Enter now the LSOHC, a 12-member citizen-legislative council that recommends spending from the state's Outdoor Heritage Fund, one of four money pots created by passage in 2008 of the Clean Water, Land and Legacy Amendment.

Various LSOHC members, including chair David Hartwell, as well as Rep. Leon Lillie, DFL-North St. Paul, and Senator Foung Hawj, DFL-St. Paul, are said to support installing a carp deterrent at Lock and Dam 5.

They and others believe a deterrent, together with carp-capturing efforts the DNR already undertakes downriver of Lock and Dam 5, is the best way to protect Minnesota waters from invaders that not only threaten lake and river ecosystems, but also boating, fishing, swimming, and other types of water recreation.

The LSOHC would have considered funding a Lock and Dam 5 deterrent years ago, some council members say. But the DNR never brought a proposal to the council.

Now — thanks in part to a $12 million windfall the council has to appropriate — the carp-deterrent stars have aligned in ways that were unimaginable even a month ago, and the DNR and the U.S. Fish & Wildlife Service (FWS) on Tuesday will jointly propose that the LSOHC fund a Lock and Dam 5 carp deterrent.

Representatives of the Army Corps of Engineers and the U.S. Geological Survey also are expected to attend the Tuesday meeting.

Approval of the DNR-FWS deterrent proposal by the council on Tuesday is important because its other conservation funding recommendations, totaling $181 million, are moving through the state Legislature. The carp deterrent plan would have to be amended to the recommendations to gain approval in the current legislative session.

If the LSOHC supports the deterrent idea and the Legislature follows suit, the $12 million will be available for five years beginning July 1. A detailed plan must be submitted to the LSOHC before funds are disbursed, however, outlining how the money will be spent. Follow-up accomplishment plans also are required.

A key assumption in the plan is that the Corps of Engineers will award a research permit for the deterrent — a process that apparently can be expedited.

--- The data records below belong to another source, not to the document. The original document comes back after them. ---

lemma gr_mult_eq_point_convolution:
  fixes x y :: "('a::{field,finite}) grpring"
  assumes x: "pattern_invariant x" and y: "pattern_invariant y" and g: "g \<in> SL2"
  shows "gr_mult x y g = point_convolution (pattern_value x) (pattern_value y) (col_points g)"
proof -
  let ?G = "\<lambda>\<omega>. pattern_value x (points_pattern \<omega>) * pattern_value y (incidence_pattern \<omega> (col_points g))"
  have "gr_mult x y g = (\<Sum>h\<in>SL2. x h * y (mmul (sl2_inv h) g))"
    using g by (rule gr_mult_eq_sum)
  also have "\<dots> = (\<Sum>h\<in>SL2. ?G (col_points h))"
  proof (rule sum.cong[OF refl])
    fix h :: "'a mat2" assume h: "h \<in> SL2"
    have "x h = pattern_value x (points_pattern (col_points h))"
      using h by (simp add: pattern_value_zero_pattern[OF x] zero_pattern_eq_points_pattern)
    moreover have "y (mmul (sl2_inv h) g)
        = pattern_value y (incidence_pattern (col_points h) (col_points g))"
      using h g by (simp add: pattern_value_zero_pattern[OF y] mmul_mem_SL2 sl2_inv_mem_SL2
          zero_pattern_sl2_inv_mmul)
    ultimately show "x h * y (mmul (sl2_inv h) g) = ?G (col_points h)" by simp
  qed
  also have "\<dots> = (\<Sum>\<omega>\<in>UNIV. int (card {h \<in> SL2. col_points h = \<omega>}) * ?G \<omega>)"
    by (rule sum_SL2_by_col_points[of ?G])
  also have "\<dots> = point_convolution (pattern_value x) (pattern_value y) (col_points g)"
    unfolding point_convolution_def
    by (simp add: card_col_points_fiber)
  finally show ?thesis .
qed

lemma points_pattern_map_prod:
  assumes "inj \<sigma>" "\<sigma> None = None" "\<sigma> (Some 0) = Some 0"
  shows "points_pattern (map_prod \<sigma> \<sigma> \<omega>) = points_pattern \<omega>"
proof -
  have "\<sigma> R = None \<longleftrightarrow> R = None" "\<sigma> R = Some 0 \<longleftrightarrow> R = Some 0" for R
    using assms by (metis injD)+
  then show ?thesis by (cases \<omega>) (simp add: points_pattern_def)
qed

lemma incidence_pattern_map_prod:
  assumes "inj \<sigma>"
  shows "incidence_pattern (map_prod \<sigma> \<sigma> \<omega>) (\<sigma> P, \<sigma> Q) = incidence_pattern \<omega> (P, Q)"
  using assms by (cases \<omega>) (auto simp: incidence_pattern_def dest: injD)

lemma point_convolution_perm:
  fixes \<sigma> :: "('a::field) option \<Rightarrow> 'a option"
  assumes "bij \<sigma>" "\<sigma> None = None" "\<sigma> (Some 0) = Some 0"
  shows "point_convolution u v (\<sigma> P, \<sigma> Q) = point_convolution u v (P, Q)"
proof -
  have inj: "inj \<sigma>" using assms(1) by (rule bij_is_inj)
  have reindex: "(\<Sum>\<omega>\<in>UNIV. F \<omega>) = (\<Sum>\<omega>\<in>UNIV. F (map_prod \<sigma> \<sigma> \<omega>))" for F :: "_ \<Rightarrow> int"
    by (rule sum.reindex_bij_betw[symmetric]) (use bij_betw_map_prod[OF assms(1) assms(1)] in simp)
  show ?thesis
    unfolding point_convolution_def
    by (subst reindex) (simp add: points_pattern_map_prod[OF inj assms(2,3)]
        incidence_pattern_map_prod[OF inj] inj_eq[OF inj])
qed

lemma exists_perm_fixing_None_zero:
  fixes P Q P' Q' :: "('a::zero) option"
  assumes "P \<noteq> Q" "P' \<noteq> Q'" "points_pattern (P, Q) = points_pattern (P', Q')"
  obtains \<sigma> where "bij \<sigma>" "\<sigma> None = None" "\<sigma> (Some 0) = Some 0" "\<sigma> P = P'" "\<sigma> Q = Q'"
proof
  let ?\<sigma> = "transpose Q' (transpose P P' Q) \<circ> transpose P P'"
  show "bij ?\<sigma>" by (simp add: bij_comp)
  show "?\<sigma> None = None" "?\<sigma> (Some 0) = Some 0" "?\<sigma> P = P'" "?\<sigma> Q = Q'"
    using assms by (auto simp: points_pattern_def transpose_def)
qed

lemma pattern_invariant_gr_mult:
  fixes x y :: "('a::{field,finite}) grpring"
  assumes x: "pattern_invariant x" and y: "pattern_invariant y"
  shows "pattern_invariant (gr_mult x y)"
  unfolding pattern_invariant_def
proof (intro conjI allI ballI impI)
  fix g :: "'a mat2" assume "g \<notin> SL2"
  then show "gr_mult x y g = 0" by (rule gr_mult_notin_SL2)
next
  fix g g' :: "'a mat2"
  assume g: "g \<in> SL2" and g': "g' \<in> SL2" and "zero_pattern g = zero_pattern g'"
  obtain P Q where PQ: "col_points g = (P, Q)" by (cases "col_points g")
  obtain P' Q' where PQ': "col_points g' = (P', Q')" by (cases "col_points g'")
  have "P \<noteq> Q" "P' \<noteq> Q'"
    using col_points_distinct[OF g] col_points_distinct[OF g'] PQ PQ' by simp_all
  moreover have "points_pattern (P, Q) = points_pattern (P', Q')"
    using \<open>zero_pattern g = zero_pattern g'\<close> g g' PQ PQ' by (simp add: zero_pattern_eq_points_pattern)
  ultimately obtain \<sigma> where \<sigma>: "bij \<sigma>" "\<sigma> None = None" "\<sigma> (Some 0) = Some 0" "\<sigma> P = P'" "\<sigma> Q = Q'"
    by (rule exists_perm_fixing_None_zero)
  have "gr_mult x y g' = point_convolution (pattern_value x) (pattern_value y) (\<sigma> P, \<sigma> Q)"
    using gr_mult_eq_point_convolution[OF x y g'] PQ' \<sigma> by simp
  also have "\<dots> = gr_mult x y g"
    using gr_mult_eq_point_convolution[OF x y g] PQ point_convolution_perm[OF \<sigma>(1-3)] by simp
  finally show "gr_mult x y g = gr_mult x y g'" by simp
qed

theorem theorem2p1:
  fixes x y :: "('a::{field,finite}) grpring"
  assumes "card (UNIV :: 'a set) > 2"
    and "x \<in> SCmod" and "y \<in> SCmod"
  shows "gr_mult x y \<in> SCmod"
  using assms(2,3) pattern_invariant_gr_mult by (simp add: SCmod_iff_pattern_invariant)

end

The deterrent likely will be similar to one manufactured in Britain that the FWS successfully placed in a Kentucky lock. Installation can only occur in winter, between Mississippi River shipping seasons.

An aside:

If the deterrent funding is approved, a significant share of the credit should go to the tens of thousands of hunters and anglers — and others — who insisted before passage in 2008 of the Legacy Amendment that a citizen-led council be established to recommend appropriations from the Outdoor Heritage Fund.

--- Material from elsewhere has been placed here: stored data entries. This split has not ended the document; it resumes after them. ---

(* Let $\{\lambda_i\}_{i\ge0}\subset\mathbb R$ and $w(x)=\sum_{i=0}^\infty\lambda_ix^i$ for $x\in\Delta_0=[-1,1]$. The series $w$ converges uniformly on $\Delta_0$ to a function $\widetilde\sigma(x)=\int_{\Delta_1}\frac{d\sigma(t)}{1-tx}$ for some measure $\sigma\in\mathcal M_0(\Delta_1)$ if and only if the restricted Hausdorff moment problem for the sequence $\{\lambda_i\}_{i\in\mathbb Z_+}$ has a solution.
   Context: $\Delta_0=[-1,1]$, $\Delta_1=[0,1]$, $\mathbb Z_+=\{0,1,2,\dots\}$. $\mathcal M(\Delta_1)$ is the set of finite Borel measures on $\Delta_1$ whose support has infinitely many points and which do not change sign. $\mathcal M_0(\Delta_1)$ is the set of $\sigma\in\mathcal M(\Delta_1)$ such that $\lim_{x\to1,\,x\in(0,1)}\left|\int_{\Delta_1}\frac{d\sigma(t)}{1-tx}\right|<+\infty$. The restricted Hausdorff moment problem for a real sequence $\{c_i\}$ asks for $\sigma\in\mathcal M_0(\Delta_1)$ with $c_i=\int t^i\,d\sigma(t)$ for all $i$. *)

theory Defs
  imports "HOL-Analysis.Analysis"
begin

text \<open>A sign-definite finite Borel measure sigma on Delta_1 = [0,1] is represented by a
pair (c, mu): a (positive) finite Borel measure mu on the reals, concentrated on [0,1],
and a sign c in {1, -1}; then sigma = c * mu.\<close>

definition meas_support :: "real measure \<Rightarrow> real set" where
  "meas_support \<mu> = {x. \<forall>e>0. emeasure \<mu> (ball x e) > 0}"

definition in_M :: "real \<Rightarrow> real measure \<Rightarrow> bool" where
  "in_M c \<mu> \<longleftrightarrow> c \<in> {1, -1} \<and> sets \<mu> = sets borel \<and> finite_measure \<mu>
     \<and> emeasure \<mu> (- {0..1}) = 0 \<and> infinite (meas_support \<mu>)"
(* Let $\mathcal{F}_a$ be a nonempty class of functions $\{1,2,\dots\}\to\mathbb{R}_+$ that either satisfies (KU1), or satisfies (KU2a) and (KU2b). Realize the sample as $X_i=\exp(G^{-1}(1-U_i))$ with $U_1,U_2,\dots$ i.i.d. uniform on $(0,1)$, so that $\log X_{n-j+1,n}=G^{-1}(1-U_{j,n})$, and set $V_n(f)=\sum_{j=1}^{k}f(j)\log(U_{j+1,n}/U_{j,n})$ and $V_n^*(f)=\sigma_n(f)^{-1}(V_n(f)-a_n(f))$. Suppose that $\{V_n^*(f),f\in\mathcal{F}_a\}$ converges weakly in $\ell^\infty(\mathcal{F}_a)$. Then: if $F\in D(\Lambda)$ and (CU3) holds on $\mathcal{F}_a$ for some $\lambda>1$, $$\sup_{f\in\mathcal{F}_a}\Big|(s(k/n)\sigma_n(f))^{-1}\big(T_n(f)-a_n(f)s(k/n)\big)-V_n^*(f)\Big|\to0$$ in outer probability; and if $F\in D(\phi_{1/\gamma})$, $\gamma>0$, and (CU1), (CU2) hold on $\mathcal{F}_a$ for some $\lambda>1$, $$\sup_{f\in\mathcal{F}_a}\Big|\frac{a_n(f)}{\sigma_n(f)}\Big(\frac{T_n(f)}{a_n(f)}-\gamma\Big)-\gamma V_n^*(f)\Big|\to0$$ in outer probability.
   Context: $X>1$ is a random variable with distribution function $F$, $G(x)=F(e^x)$ is the distribution function of $\log X$, $G^{-1}(v)=\inf\{x:G(x)\ge v\}$; $X_{1,n}\le\dots\le X_{n,n}$ and $U_{1,n}\le\dots\le U_{n,n}$ are order statistics of $X_1,\dots,X_n$ and $U_1,\dots,U_n$, with $U_{n+1,n}:=1$. $k=k(n)$ are integers, $1\le k\le n$, $k\to\infty$, $k/n\to0$. For $f:\{1,2,\dots\}\to\mathbb{R}_+$: $T_n(f)=\sum_{j=1}^{k}f(j)(\log X_{n-j+1,n}-\log X_{n-j,n})$, $a_n(f)=\sum_{j=1}^kf(j)j^{-1}$, $\sigma_n^2(f)=\sum_{j=1}^kf(j)^2j^{-2}$, $A(2,f)=\sum_{j\ge1}f(j)^2j^{-2}$, $B_n(f)=\sigma_n(f)^{-1}\max_{1\le j\le k}f(j)j^{-1}$. (KU1): $0<\inf_{f\in\mathcal{F}_a}A(2,f)<\sup_{f\in\mathcal{F}_a}A(2,f)<\infty$. (KU2a): $\lim_n\sup_{f\in\mathcal{F}_a}B_n(f)=0$. (KU2b): for all $f_1,f_2\in\mathcal{F}_a$, $\lim_n(\sigma_n(f_1)\sigma_n(f_2))^{-1}\sum_{j=1}^kf_1(j)f_2(j)j^{-2}$ exists. $F\in D(\Lambda)$: $F^n(a_nx+b_n)\to\exp(-e^{-x})$ for some $a_n>0,b_n$; $F\in D(\phi_{1/\gamma})$: $F^n(a_nx+b_n)\to\exp(-x^{-1/\gamma})\mathbb{I}_{x>0}$. Representations: if $F\in D(\phi_{1/\gamma})$, $G^{-1}(1-u)=\log c+\log(1+p(u))-\gamma\log u+\int_u^1b(t)t^{-1}dt$; if $F\in D(\Lambda)$, $G^{-1}(1-u)=d-s(u)+\int_u^1s(t)t^{-1}dt$, $s(u)=c(1+p(u))\exp(\int_u^1b(t)t^{-1}dt)$; $0<u<1$, $c>0$, $d\in\mathbb{R}$, $p(u),b(u)\to0$ as $u\to0$. $g_{1,n}(p,\lambda)=\sup_{0<u\le\lambda k/n}|p(u)|$, $g_{2,n}(b,\lambda)=\sup_{0<u\le\lambda k/n}|b(u)|$, $d_n(p,b,\lambda)=\max(g_{1,n}(p,\lambda),g_{2,n}(b,\lambda)\log k)$. (CU1): $\sup_{f\in\mathcal{F}_a}g_{1,n}(p,\lambda)\sigma_n(f)^{-1}\sum_{j=1}^kf(j)\to0$; (CU2): $\sup_{f\in\mathcal{F}_a}g_{2,n}(b,\lambda)\sigma_n(f)^{-1}\sum_{j=1}^kf(j)\to0$; (CU3): $\sup_{f\in\mathcal{F}_a}d_n(p,b,\lambda)\sigma_n(f)^{-1}\sum_{j=1}^kf(j)\to0$. *)

theory Defs
  imports "HOL-Probability.Probability"
begin

definition linf :: "'i set \<Rightarrow> ('i \<Rightarrow> real) set" where
  "linf I = {z. bounded (z ` I) \<and> (\<forall>i. i \<notin> I \<longrightarrow> z i = 0)}"

definition supdist :: "'i set \<Rightarrow> ('i \<Rightarrow> real) \<Rightarrow> ('i \<Rightarrow> real) \<Rightarrow> real" where
  "supdist I z w = (SUP i\<in>I. \<bar>z i - w i\<bar>)"

definition linf_open :: "'i set \<Rightarrow> ('i \<Rightarrow> real) set \<Rightarrow> bool" where
  "linf_open I S \<longleftrightarrow> S \<subseteq> linf I \<and>
     (\<forall>z\<in>S. \<exists>e>0. \<forall>w\<in>linf I. supdist I z w < e \<longrightarrow> w \<in> S)"

definition linf_bcont :: "'i set \<Rightarrow> (('i \<Rightarrow> real) \<Rightarrow> real) \<Rightarrow> bool" where
  "linf_bcont I h \<longleftrightarrow> bounded (h ` linf I) \<and>
     (\<forall>z\<in>linf I. \<forall>e>0. \<exists>d>0. \<forall>w\<in>linf I. supdist I z w < d \<longrightarrow> \<bar>h w - h z\<bar> < e)"

definition outer_exp :: "'a measure \<Rightarrow> ('a \<Rightarrow> real) \<Rightarrow> real" where
  "outer_exp M T = Inf {integral\<^sup>L M V | V. V \<in> borel_measurable M \<and> integrable M V \<and>
                          (\<forall>\<omega>\<in>space M. T \<omega> \<le> V \<omega>)}"

definition outer_prob :: "'a measure \<Rightarrow> 'a set \<Rightarrow> real" where
  "outer_prob M A = Inf {measure M B | B. B \<in> sets M \<and> A \<subseteq> B}"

Memories of the Legislature ripping off money from lottery proceeds that Minnesota voters believed were designated for conservation were still fresh in the minds of sportsmen and sportswomen during the run-up to passage of the Legacy Amendment. Sportsmen and women had to be convinced that money flowing from the amendment wouldn't go directly to the DNR and wouldn't be distributed solely at the whim of legislators.

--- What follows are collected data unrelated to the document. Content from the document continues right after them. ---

(* For every prime power $q$ and every integer $h\geq 2$, there exists a $3$-fold blocking set of size $3(q^h+q^{h-1}+1)$ in $\mathrm{PG}(2,q^h)$.
   Context: A $3$-fold blocking set is a point set meeting every line in at least $3$ points. *)

theory Defs
  imports Main "HOL-Computational_Algebra.Primes"
begin

text \<open>The projective plane PG(2,F) over a field F: points are the 1-dimensional
subspaces of F^3 (represented as the set of nonzero multiples of a nonzero vector),
lines are the projective points annihilated by a nonzero linear form.\<close>

type_synonym 'a vec3 = "'a \<times> 'a \<times> 'a"

definition scale3 :: "'a::field \<Rightarrow> 'a vec3 \<Rightarrow> 'a vec3" where
  "scale3 c v = (c * fst v, c * fst (snd v), c * snd (snd v))"

definition dot3 :: "'a::field vec3 \<Rightarrow> 'a vec3 \<Rightarrow> 'a" where
  "dot3 a v = fst a * fst v + fst (snd a) * fst (snd v) + snd (snd a) * snd (snd v)"

definition proj_point :: "'a::field vec3 \<Rightarrow> 'a vec3 set" where
  "proj_point v = {scale3 c v | c. c \<noteq> 0}"

definition pg_points :: "'a::field vec3 set set" where
  "pg_points = proj_point ` (UNIV - {(0,0,0)})"

definition pg_line :: "'a::field vec3 \<Rightarrow> 'a vec3 set set" where
  "pg_line a = {p \<in> pg_points. \<forall>v\<in>p. dot3 a v = 0}"

definition pg_lines :: "'a::field vec3 set set set" where
  "pg_lines = pg_line ` (UNIV - {(0,0,0)})"

definition multiple_blocking_set :: "nat \<Rightarrow> 'a::field vec3 set set \<Rightarrow> bool" where
  "multiple_blocking_set t B \<longleftrightarrow> B \<subseteq> pg_points \<and> (\<forall>L\<in>pg_lines. card (B \<inter> L) \<ge> t)"

end

(* Let T be the trace map of GF(q^h) onto GF(q) and c an element outside GF(q).  The graph
   of x |-> T x - c, together with the points at infinity of the directions it determines, is a
   Redei-type blocking set R; since T is GF(q)-linear these directions are the values T z / z,
   so R has at most q^h + q^(h-1) + 1 points.  The linear map (x, y, z) |-> (alpha z, beta x, y)
   has cube alpha beta I and so induces a collineation G of order 3.  For suitable c, alpha and
   beta the sets R and G R are disjoint; then R, G R and G^2 R are pairwise disjoint blocking
   sets, whose union meets every line in at least 3 points.  Adding further points brings its
   size to exactly 3 (q^h + q^(h-1) + 1), which is at most the number q^2h + q^h + 1 of points
   of the plane. *)

theory Submission
  imports Defs "HOL-Computational_Algebra.Polynomial" "HOL-Number_Theory.Residues"
    "HOL-Library.Disjoint_Sets"
begin

section \<open>Points and lines of the projective plane\<close>

lemma scale3_1 [simp]: "scale3 1 v = v"
  by (cases v) (simp add: scale3_def)

lemma scale3_scale3: "scale3 a (scale3 b v) = scale3 (a * b) v"
  by (cases v) (simp add: scale3_def mult.assoc)

lemma dot3_scale3: "dot3 n (scale3 c v) = c * dot3 n v"
  by (cases v, cases n) (simp add: scale3_def dot3_def algebra_simps)

lemma proj_point_self: "v \<in> proj_point v"
  unfolding proj_point_def by (auto intro: exI[of _ 1])

lemma proj_point_scale3:
  assumes "c \<noteq> 0"
  shows "proj_point (scale3 c v) = proj_point v"
  unfolding proj_point_def scale3_scale3
proof (intro Collect_cong iffI; elim exE conjE)
  fix w d assume "w = scale3 (d * c) v" "d \<noteq> 0"
  then show "\<exists>e. w = scale3 e v \<and> e \<noteq> 0"
    using assms by auto
next
  fix w d assume "w = scale3 d v" "d \<noteq> 0"
  then show "\<exists>e. w = scale3 (e * c) v \<and> e \<noteq> 0"
    using assms by (intro exI[of _ "d / c"]) simp
qed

Unless those provisions were met, many hunters and anglers said, they wouldn't vote for the Legacy Amendment.

Thus the LSOHC was born.

This isn't to diminish the importance, ultimately, of the broad coalition, including environmentalists — the group's rallying cry, after all, was "Guns and Greens Working Together" — that joined to gain the amendment's passage. The addition of arts and culture supporters to the alliance also was critical. But it was the insistence of hunters and anglers — an effort led by Garry Leaf, a volunteer, among many others — that a citizen-legislative council be established that set the stage for the amendment's approval by voters and laid the groundwork for the more than 1,500 conservation projects the LSOHC has recommended for funding.

Whether funding of a much-needed — and much-delayed — invasive carp deterrent at lock and Dam 5 will be the LSOHC's latest, and perhaps most important, success will be determined Tuesday. The public can view the 11 a.m. meeting online at bit.ly/LEScarp.